Stored items
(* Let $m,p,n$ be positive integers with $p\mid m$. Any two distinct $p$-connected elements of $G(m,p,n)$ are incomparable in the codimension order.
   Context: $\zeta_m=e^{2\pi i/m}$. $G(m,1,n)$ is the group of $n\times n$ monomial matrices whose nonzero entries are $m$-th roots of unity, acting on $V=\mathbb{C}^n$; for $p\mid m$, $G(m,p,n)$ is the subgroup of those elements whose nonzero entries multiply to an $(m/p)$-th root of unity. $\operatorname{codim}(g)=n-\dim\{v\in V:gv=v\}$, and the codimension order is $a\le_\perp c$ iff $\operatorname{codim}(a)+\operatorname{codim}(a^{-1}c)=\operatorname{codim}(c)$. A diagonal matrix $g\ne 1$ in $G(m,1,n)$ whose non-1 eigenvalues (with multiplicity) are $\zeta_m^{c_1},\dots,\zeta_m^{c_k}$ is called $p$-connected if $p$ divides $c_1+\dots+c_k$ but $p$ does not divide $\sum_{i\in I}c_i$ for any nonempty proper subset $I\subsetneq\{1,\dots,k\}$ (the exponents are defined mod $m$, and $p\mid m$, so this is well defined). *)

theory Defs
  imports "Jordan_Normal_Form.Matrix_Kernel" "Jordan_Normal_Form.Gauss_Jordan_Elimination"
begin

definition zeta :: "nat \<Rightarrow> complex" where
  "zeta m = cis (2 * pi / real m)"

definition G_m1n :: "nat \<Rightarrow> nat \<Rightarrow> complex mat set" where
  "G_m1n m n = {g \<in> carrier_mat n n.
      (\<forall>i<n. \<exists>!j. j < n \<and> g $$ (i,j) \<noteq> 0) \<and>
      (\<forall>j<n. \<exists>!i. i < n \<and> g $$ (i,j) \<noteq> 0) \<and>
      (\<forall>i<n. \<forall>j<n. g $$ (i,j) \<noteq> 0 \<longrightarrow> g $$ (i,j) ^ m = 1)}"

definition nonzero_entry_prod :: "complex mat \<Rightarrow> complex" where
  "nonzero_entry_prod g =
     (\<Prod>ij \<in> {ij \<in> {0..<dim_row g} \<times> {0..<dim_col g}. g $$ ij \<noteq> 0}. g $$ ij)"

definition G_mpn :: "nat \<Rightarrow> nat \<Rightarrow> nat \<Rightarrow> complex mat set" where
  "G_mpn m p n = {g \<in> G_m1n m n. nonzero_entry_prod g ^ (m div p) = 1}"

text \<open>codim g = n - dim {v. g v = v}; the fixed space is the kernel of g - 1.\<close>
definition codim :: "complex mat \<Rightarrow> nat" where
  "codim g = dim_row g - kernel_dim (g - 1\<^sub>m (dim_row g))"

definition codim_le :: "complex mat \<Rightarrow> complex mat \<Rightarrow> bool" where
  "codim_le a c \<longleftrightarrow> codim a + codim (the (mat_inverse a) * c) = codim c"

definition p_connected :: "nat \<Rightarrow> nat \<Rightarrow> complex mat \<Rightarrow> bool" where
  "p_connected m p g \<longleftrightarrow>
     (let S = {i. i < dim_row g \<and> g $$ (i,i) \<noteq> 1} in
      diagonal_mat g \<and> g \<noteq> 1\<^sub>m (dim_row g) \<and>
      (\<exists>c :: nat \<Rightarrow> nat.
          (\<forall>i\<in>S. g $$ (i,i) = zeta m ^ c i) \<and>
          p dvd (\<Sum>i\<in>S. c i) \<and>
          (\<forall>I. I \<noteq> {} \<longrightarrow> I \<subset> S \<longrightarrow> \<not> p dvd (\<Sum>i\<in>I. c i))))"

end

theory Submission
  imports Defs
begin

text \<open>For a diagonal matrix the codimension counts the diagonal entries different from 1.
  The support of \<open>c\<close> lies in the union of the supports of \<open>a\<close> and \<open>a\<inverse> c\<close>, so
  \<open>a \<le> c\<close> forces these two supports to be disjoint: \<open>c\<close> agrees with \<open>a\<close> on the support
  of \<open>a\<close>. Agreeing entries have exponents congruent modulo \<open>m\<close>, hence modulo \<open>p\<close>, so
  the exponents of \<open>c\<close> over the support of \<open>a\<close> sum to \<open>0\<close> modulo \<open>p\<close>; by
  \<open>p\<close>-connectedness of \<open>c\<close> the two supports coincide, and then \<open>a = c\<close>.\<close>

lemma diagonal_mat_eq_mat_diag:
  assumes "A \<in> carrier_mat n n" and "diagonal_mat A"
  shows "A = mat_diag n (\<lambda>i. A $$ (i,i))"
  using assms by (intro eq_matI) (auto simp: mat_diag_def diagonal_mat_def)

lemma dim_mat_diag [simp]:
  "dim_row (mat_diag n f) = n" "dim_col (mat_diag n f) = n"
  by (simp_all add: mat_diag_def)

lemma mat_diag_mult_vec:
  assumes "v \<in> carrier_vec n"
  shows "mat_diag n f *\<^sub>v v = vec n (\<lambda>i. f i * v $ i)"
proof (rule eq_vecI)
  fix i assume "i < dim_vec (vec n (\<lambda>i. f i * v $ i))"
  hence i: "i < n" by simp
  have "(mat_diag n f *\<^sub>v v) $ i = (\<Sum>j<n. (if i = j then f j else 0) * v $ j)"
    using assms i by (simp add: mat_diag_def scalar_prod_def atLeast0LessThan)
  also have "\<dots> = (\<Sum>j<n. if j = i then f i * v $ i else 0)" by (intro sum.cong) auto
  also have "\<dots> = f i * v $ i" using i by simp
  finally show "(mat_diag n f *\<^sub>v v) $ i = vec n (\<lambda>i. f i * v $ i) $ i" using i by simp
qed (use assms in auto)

## WORK REQUEST
Return, with no change at all, every line in the entries above from the line containing "m n. nonzero_entry_prod" through the line containing "mat \<Rightarrow> complex mat".

## ANSWER SECTION
  "G_mpn m p n = {g \<in> G_m1n m n. nonzero_entry_prod g ^ (m div p) = 1}"

text \<open>codim g = n - dim {v. g v = v}; the fixed space is the kernel of g - 1.\<close>
definition codim :: "complex mat \<Rightarrow> nat" where
  "codim g = dim_row g - kernel_dim (g - 1\<^sub>m (dim_row g))"

definition codim_le :: "complex mat \<Rightarrow> complex mat \<Rightarrow> bool" where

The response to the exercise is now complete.